* The data *
theorem lemmaB17:
  fixes f :: "('k::finite \<Rightarrow> int) \<Rightarrow> 'a::field"
  assumes "hypergeometric_term f"
  shows "zero_divisor_term f \<or> (\<forall>n::nat. \<exists>c. \<forall>z\<in>box_of_size c n. f z \<noteq> 0)"
proof (cases "CHAR('a) = 0")
  case False
  then show ?thesis using zero_divisor_term_if_CHAR_pos by blast
next
  case True
  obtain A B where A: "\<And>i. is_mpoly (A i)" "\<And>i. A i \<noteq> (\<lambda>_. 0)"
    and rec: "\<And>i z. mpoly_eval (A i) z * f z = mpoly_eval (B i) z * f (z(i := z i + 1))"
    using assms unfolding hypergeometric_term_def by metis
  have "\<exists>c. \<forall>z\<in>box_of_size c n. f z \<noteq> 0" if not_zd: "\<not> zero_divisor_term f" for n
  proof -
    obtain c where "f c \<noteq> 0" "\<And>i z. z \<in> box_of_size c n \<Longrightarrow> mpoly_eval (A i) z \<noteq> 0"
      using corner_with_coefficients_nonzero_on_box[OF True not_zd, of A n] A by blast
    then show ?thesis using recurrence_nonzero_on_box[OF rec] by blast
  qed
  then show ?thesis by blast
qed

end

* Your objective *
Each line of the data that includes "obtain" counts once; say how many there are, giving nothing but the number.

* Reply *
2